Klöckner gegen Beflaggung zum CSD
Im Mai hatte schon für Aufsehen gesorgt, dass Julia Klöckner künftig nur noch zum Internationalen Tag gegen Homophobie (17. Mai) die Regenbogenflagge am Reichstagsgebäude hissen lassen will und nicht mehr zum Berliner CSD. 2022 war die Regenbogenflagge erstmals auf dem Bundestag gehisst worden.
Klöckner ließ mitteilen, zum CSD keine Rainbow-Beflaggung mehr zuzulassen, da der Christopher Street Day "als Tag der Versammlung, des Protests und der Feier von seiner kraftvollen Präsenz auf den Straßen lebt".

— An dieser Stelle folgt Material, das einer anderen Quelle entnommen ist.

lemma Gtch_ketbra2:
  fixes r s :: "int \<times> int"
  assumes "even d" "d > 0" "p \<in> Idx d \<times> Idx d" "q \<in> Idx d \<times> Idx d"
  defines "x1 \<equiv> fst r - fst p" and "x2 \<equiv> snd r - snd p"
    and "y1 \<equiv> fst s - fst q" and "y2 \<equiv> snd s - snd q"
  shows "Gtch d (ketbra2 p q) r s =
    (of_bool (int d dvd (x1 - y1)) * of_bool (int d dvd (x2 - y2))
      + of_bool (int d dvd (x1 - y2)) * of_bool (int d dvd (x2 - y1))) / of_nat d ^ 2
    - of_bool (int d dvd (x1 + x2 - y1 - y2)) / of_nat d ^ 3"
proof -
  define c where
    "c k1 k2 k3 k4 = omega d (of_int (k1 * x1 + k2 * x2 - k3 * y1 - k4 * y2)) / of_nat d ^ 4"
    for k1 k2 k3 k4
  have "Gtch d (ketbra2 p q) r s = (\<integral>z. (\<Sum>k1\<in>Idx d. \<Sum>k2\<in>Idx d. \<Sum>k3\<in>Idx d. \<Sum>k4\<in>Idx d.
      c k1 k2 k3 k4 * omega d (fst z * of_int (k1 + k2 - k3 - k4) +
        snd z * of_int (k1\<^sup>2 + k2\<^sup>2 - k3\<^sup>2 - k4\<^sup>2))) \<partial>uniform_square d)"
    unfolding Gtch_def twirl_def uniform_square_def[symmetric] conj2_ketbra2[OF assms(3,4)]
      Vtop_product c_def x1_def x2_def y1_def y2_def ..
  also have "\<dots> = (\<Sum>k1\<in>Idx d. \<Sum>k2\<in>Idx d. \<Sum>k3\<in>Idx d. \<Sum>k4\<in>Idx d.
      c k1 k2 k3 k4 * of_bool ((k3, k4) = (k1, k2) \<or> (k3, k4) = (k2, k1)))"
    by (simp only: average_omega_nested_sum[OF assms(2)] sum_and_sum_squares_eq_iff)
  also have "\<dots> =
      (\<Sum>k1\<in>Idx d. \<Sum>k2\<in>Idx d. c k1 k2 k1 k2 + c k1 k2 k2 k1) - (\<Sum>k\<in>Idx d. c k k k k)"
    by (rule sum_pair_permutations) simp
  also have "(\<Sum>k1\<in>Idx d. \<Sum>k2\<in>Idx d. c k1 k2 k1 k2 + c k1 k2 k2 k1) =
      ((\<Sum>k1\<in>Idx d. \<Sum>k2\<in>Idx d. omega d (of_int (k1 * (x1 - y1) + k2 * (x2 - y2)))) +
       (\<Sum>k1\<in>Idx d. \<Sum>k2\<in>Idx d. omega d (of_int (k1 * (x1 - y2) + k2 * (x2 - y1))))) / of_nat d ^ 4"
    by (simp add: c_def sum.distrib add_divide_distrib sum_divide_distrib algebra_simps)
  also have "(\<Sum>k\<in>Idx d. c k k k k) =
      (\<Sum>k\<in>Idx d. omega d (of_int (k * (x1 + x2 - y1 - y2)))) / of_nat d ^ 4"
    by (simp add: c_def sum_divide_distrib algebra_simps)
  finally show ?thesis
    by (simp only: sum_Idx_Idx_omega[OF assms(1,2)] sum_Idx_omega[OF assms(1,2)])
      (use assms(2) in \<open>simp add: field_simps power2_eq_square power3_eq_cube power4_eq_xxxx\<close>)
qed

lemma Gtch_cong_Idx:
  assumes "\<And>a b. a \<in> Idx d \<times> Idx d \<Longrightarrow> b \<in> Idx d \<times> Idx d \<Longrightarrow> X a b = Y a b"
  shows "Gtch d X = Gtch d Y"
proof -
  have "conj2 d U X = conj2 d U Y" for U
    unfolding conj2_def by (intro ext sum.cong refl) (simp add: assms)
  then show ?thesis
    unfolding Gtch_def twirl_def by simp
qed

Bundesfamilienministerium plant Teilnahme
Das Bundesfamilienministerium will sich anders als der Bundestag wie in den Vorjahren am Christopher Street Day in Berlin beteiligen. "Unser Ministerium wird auch in diesem Jahr wieder mit einem eigenen Wagen beim Berliner CSD vertreten sein", sagte Ressortchefin Karin Prien (CDU) der "taz".

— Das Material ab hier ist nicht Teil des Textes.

(* For $\tau\in\mathbb{R}$ and integer $n\ge0$ let $$\mu_{2n}(\tau;\tfrac14)=\int_{-\infty}^{\infty}x^{2n}\exp\left\{-\left(x^6-\tau x^4+\tfrac14\tau^2x^2\right)\right\}dx.$$ Then \begin{align*} \mu_{2n}(\tau;\tfrac14)&=\tfrac13\Gamma\!\left(\tfrac13n+\tfrac16\right){}_2F_2\!\left(\tfrac13-\tfrac13n,\tfrac13+\tfrac23n;\tfrac13,\tfrac23;-\tfrac{\tau^3}{54}\right)+\tfrac13\tau\Gamma\!\left(\tfrac13n+\tfrac56\right){}_2F_2\!\left(\tfrac23-\tfrac13n,\tfrac23+\tfrac23n;\tfrac23,\tfrac43;-\tfrac{\tau^3}{54}\right)\\ &\quad+\frac{n\tau^2}{18}\Gamma\!\left(\tfrac13n+\tfrac12\right){}_2F_2\!\left(1-\tfrac13n,1+\tfrac23n;\tfrac43,\tfrac53;-\tfrac{\tau^3}{54}\right). \end{align*}
   Context: ${}_2F_2(a_1,a_2;b_1,b_2;z)$ denotes the generalised hypergeometric function with upper parameters $a_1,a_2$ and lower parameters $b_1,b_2$. *)

theory Defs
  imports "HOL-Analysis.Analysis"
begin

definition hyp2F2 :: "real \<Rightarrow> real \<Rightarrow> real \<Rightarrow> real \<Rightarrow> real \<Rightarrow> real" where
  "hyp2F2 a1 a2 b1 b2 z =
     (\<Sum>k. pochhammer a1 k * pochhammer a2 k / (pochhammer b1 k * pochhammer b2 k)
            * z ^ k / fact k)"

definition mu :: "nat \<Rightarrow> real \<Rightarrow> real" where
  "mu n \<tau> = (\<integral>x. x ^ (2*n) * exp (- (x ^ 6 - \<tau> * x ^ 4 + \<tau>\<^sup>2 / 4 * x\<^sup>2)) \<partial>lborel)"

end

(* Expanding exp (tau x^4 - tau^2 x^2 / 4) = sum_k Q_k(x) tau^k / k! and integrating termwise
   against x^(2n) exp (-x^6) gives mu_(2n) = sum_k e_k tau^k / k!, where
   e_k = int x^(2n) Q_k(x) exp (-x^6) dx.  The Q_k obey a three-term recurrence, and with it one
   finds a polynomial R_k with R_k' - 6 x^5 R_k = x^(2n) (18 Q_(k+3) + (k+1-n)(k+1+2n) Q_k);
   integrating by parts against exp (-x^6) yields 18 e_(k+3) = -(k+1-n)(k+1+2n) e_k.  Hence the
   series splits by k mod 3 into three 2F2 series in -tau^3/54, whose leading terms e_0, e_1, e_2
   are Gamma values. *)

theory Submission
  imports Defs "HOL-Computational_Algebra.Polynomial"
begin

lemma nn_integral_atLeast_eq_SUP:
  fixes f :: "real \<Rightarrow> ennreal" and h :: "nat \<Rightarrow> real"
  assumes [measurable]: "f \<in> borel_measurable borel"
    and "incseq h" and "filterlim h at_top sequentially"
  shows "(\<integral>\<^sup>+x. f x * indicator {a..} x \<partial>lborel) =
         (SUP j. \<integral>\<^sup>+x. f x * indicator {a..h j} x \<partial>lborel)"
proof -
  have "(SUP j. f x * indicator {a..h j} x) = f x * indicator {a..} x" for x
  proof (cases "x \<ge> a")
    case True
    obtain j where "h j \<ge> x"
      using assms(3) by (auto simp: filterlim_at_top eventually_sequentially)
    then have "f x \<le> (SUP j. f x * indicator {a..h j} x)"
      using True by (intro SUP_upper2[of j]) auto
    moreover have "(SUP j. f x * indicator {a..h j} x) \<le> f x"
      by (intro SUP_least) (auto split: split_indicator)
    ultimately show ?thesis
      using True by (auto intro: antisym)
  qed auto
  moreover have "incseq (\<lambda>j x. f x * indicator {a..h j} x)"
    using assms(2) by (auto simp: incseq_def le_fun_def split: split_indicator intro: order_trans)
  ultimately show ?thesis
    by (simp add: nn_integral_monotone_convergence_SUP[symmetric])
qed

lemma Gamma_integrand_power_substitution:
  fixes x :: real and k m :: nat
  assumes "m > 0" "x > 0"
  shows "(x ^ m) powr ((k + 1) / m - 1) / exp (x ^ m) * (m * x ^ (m - 1)) = m * (x ^ k * exp (- (x ^ m)))"
proof -
  have "(x ^ m) powr ((k + 1) / m - 1) * x ^ (m - 1) = x powr (m * ((k + 1) / m - 1) + real (m - 1))"
    using assms by (simp add: powr_powr powr_add powr_realpow[symmetric])
  also have "m * ((k + 1) / m - 1) + real (m - 1) = real k"
    using assms by (simp add: of_nat_diff field_simps)
  finally show ?thesis
    using assms by (simp add: powr_realpow exp_minus field_simps)
qed

lemma nn_integral_Gamma_integrand_power_substitution:
  fixes k m :: nat and b :: real
  assumes "m > 0" "b \<ge> 0"
  shows "(\<integral>\<^sup>+t. ennreal (t powr ((k + 1) / m - 1) / exp t) * indicator {0..b ^ m} t \<partial>lborel)
         = m * (\<integral>\<^sup>+x. ennreal (x ^ k * exp (- (x ^ m))) * indicator {0..b} x \<partial>lborel)"
proof -
  define G where "G t = t powr ((k + 1) / m - 1) / exp t" for t :: real
  have "(\<integral>\<^sup>+t. ennreal (G t) * indicator {0..b ^ m} t \<partial>lborel)
      = (\<integral>\<^sup>+t. ennreal (G t * indicator {0 ^ m..b ^ m} t) \<partial>lborel)"
    using assms by (intro nn_integral_cong) (auto simp: zero_power split: split_indicator)
  also have "\<dots> = (\<integral>\<^sup>+x. ennreal (G (x ^ m) * (m * x ^ (m - 1)) * indicator {0..b} x) \<partial>lborel)"
    unfolding G_def
    by (rule nn_integral_substitution[where g = "\<lambda>x. x ^ m" and g' = "\<lambda>x. m * x ^ (m - 1)"])
       (use assms in \<open>auto intro!: derivative_eq_intros continuous_intros simp: set_borel_measurable_def\<close>)
  also have "\<dots> = (\<integral>\<^sup>+x. m * (ennreal (x ^ k * exp (- (x ^ m))) * indicator {0..b} x) \<partial>lborel)"
  proof (intro nn_integral_cong_AE eventually_mono[OF AE_lborel_singleton[of 0]])
    fix x :: real
    assume "x \<noteq> 0"
    then show "ennreal (G (x ^ m) * (m * x ^ (m - 1)) * indicator {0..b} x)
        = m * (ennreal (x ^ k * exp (- (x ^ m))) * indicator {0..b} x)"
      using Gamma_integrand_power_substitution[OF assms(1), of x k]
      by (auto simp: G_def ennreal_mult' ennreal_of_nat_eq_real_of_nat split: split_indicator)
  qed
  finally show ?thesis
    by (simp add: G_def nn_integral_cmult)
qed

Dies sei "ein wichtiges Zeichen für die Anerkennung und den Respekt vor der Vielfalt in unserer Gesellschaft", so Prien. Sie verwies weiter auf die Bedeutung eines solchen Zeichens "gerade angesichts zunehmender Diskriminierung aufgrund sexueller Orientierung und geschlechtlicher Identität weltweit und leider auch in Deutschland".
Parade für Gleichstellung queerer Menschen
Für den Zeitraum zwischen Juni und September 2024 zählte die Bundesregierung 22 Proteste gegen öffentliche CSD-Umzüge. Die Protestierenden seien überwiegend Personen aus der gewaltorientierten rechtsextremistischen Szene gewesen.
Der CSD wird im Sommer in vielen Städten begangen. Er erinnert vom Namen her an Aufstände der queeren Community in der Christopher Street in New York von 1969. Er steht für die Gleichstellung queerer Menschen. Die Parade in Berlin ist für den 26. Juli geplant.